Ирина подошла к окну и прислонилась к подоконнику.

"Солнышко… Где ж его взять в этом сером городе? Совсем скоро – новый девятьсот семнадцатый год, а на душе так безрадостно! Раньше праздник врывался в город, принося с собой запах новогодних елок, все вокруг искрилось весельем, разноцветными гирляндами, улыбками… А этот Новый год вползает в измученную войной страну нехотя, словно мучаясь вопросом: "А стоит ли? Может, еще поживете в девятьсот шестнадцатом? А может, мне вообще не приходить?.." Грустно… И от Ники нет вестей. Уже почти месяц прошел. После его отъезда кажется, будто все вокруг окрасилось в черно-белые тона." – Она покосилась на пропитанные кровью бинты, сваленные в бак в углу комнаты. – "Еще – в красный… Черный. Белый. Красный. Три главных цвета алхимии. Вспомнились слова Порфирия: "Дух России, как Феникс, возрождающийся из пепла, снова одевается в тело черное, белое, красное…" Да, пожалуй, Иван Иванович прав.
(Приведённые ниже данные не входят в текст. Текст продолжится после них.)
section \<open>Gram matrices of simplices with one perturbed edge\<close>

definition gram_of_dists :: "nat \<Rightarrow> (nat \<Rightarrow> nat \<Rightarrow> real) \<Rightarrow> real mat" where
  "gram_of_dists k d = mat k k (\<lambda>(p,q).
     ((d 0 (Suc p))\<^sup>2 + (d 0 (Suc q))\<^sup>2 - (if p = q then 0 else (d (Suc p) (Suc q))\<^sup>2)) / 2)"

definition one_edge_dists :: "nat \<Rightarrow> nat \<Rightarrow> real \<Rightarrow> nat \<Rightarrow> nat \<Rightarrow> real" where
  "one_edge_dists r s t a b = (if {a, b} = {r, s} then t else 1)"

lemma one_edge_dists_commute: "one_edge_dists r s = one_edge_dists s r"
  unfolding one_edge_dists_def by (simp add: insert_commute)

lemma one_edge_dists_one [simp]: "one_edge_dists r s 1 = (\<lambda>_ _. 1)"
  unfolding one_edge_dists_def by auto

lemma gram_of_lengths_eq_gram_of_dists:
  assumes "length as = Suc k"
    and "\<And>a b. a < Suc k \<Longrightarrow> b < Suc k \<Longrightarrow> a \<noteq> b \<Longrightarrow> elen l (as ! a) (as ! b) = d a b"
  shows "gram_of_lengths l as = gram_of_dists k d"
  unfolding gram_of_lengths_def gram_of_dists_def Let_def assms(1)
  by (rule eq_matI) (auto simp: assms(2))

lemma elen_edge_update:
  assumes "i < j"
  shows "elen ((\<lambda>_. 1)((i,j) := t)) x y = (if {x, y} = {i, j} then t else 1)"
  using assms unfolding elen_def by (auto simp: min_def max_def doubleton_eq_iff)

lemma gram_of_lengths_edge_update:
  assumes "distinct as" "length as = Suc k" "r < Suc k" "s < Suc k" "as ! r < as ! s"
  shows "gram_of_lengths ((\<lambda>_. 1)((as ! r, as ! s) := t)) as = gram_of_dists k (one_edge_dists r s t)"
proof (rule gram_of_lengths_eq_gram_of_dists[OF assms(2)])
  fix a b assume "a < Suc k" "b < Suc k"
  then have "{as ! a, as ! b} = {as ! r, as ! s} \<longleftrightarrow> {a, b} = {r, s}"
    using assms by (auto simp: doubleton_eq_iff nth_eq_iff_index_eq)
  then show "elen ((\<lambda>_. 1)((as ! r, as ! s) := t)) (as ! a) (as ! b) = one_edge_dists r s t a b"
    unfolding elen_edge_update[OF assms(5)] one_edge_dists_def by simp
qed

lemma gram_of_lengths_edge_update_outside:
  assumes "length as = Suc k" "i < j" "\<not> {i, j} \<subseteq> set as"
  shows "gram_of_lengths ((\<lambda>_. 1)((i,j) := t)) as = gram_of_dists k (\<lambda>_ _. 1)"
proof (rule gram_of_lengths_eq_gram_of_dists[OF assms(1)])
  fix a b assume "a < Suc k" "b < Suc k"
  then have "{as ! a, as ! b} \<noteq> {i, j}"
    using assms nth_mem by (metis insert_subsetI empty_subsetI)
  then show "elen ((\<lambda>_. 1)((i,j) := t)) (as ! a) (as ! b) = 1"
    unfolding elen_edge_update[OF assms(2)] by simp
qed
Надо научиться говорить солнышку "здравствуй"… Тогда легче жить. – Ирина отошла от окна. – " Интересно, куда это Поликарповна запропастилась? Надо вынести бинты. Полный бак уже".

Выйдя из докторской, она прислушалась. Где-то в конце коридора был слышен раскатистый смех. Пройдя туда, Ирина приоткрыла дверь палаты для выздоравливающих и заглянула внутрь.

Поликарповна, опершись на швабру, стояла в проходе между койками спиной к входу.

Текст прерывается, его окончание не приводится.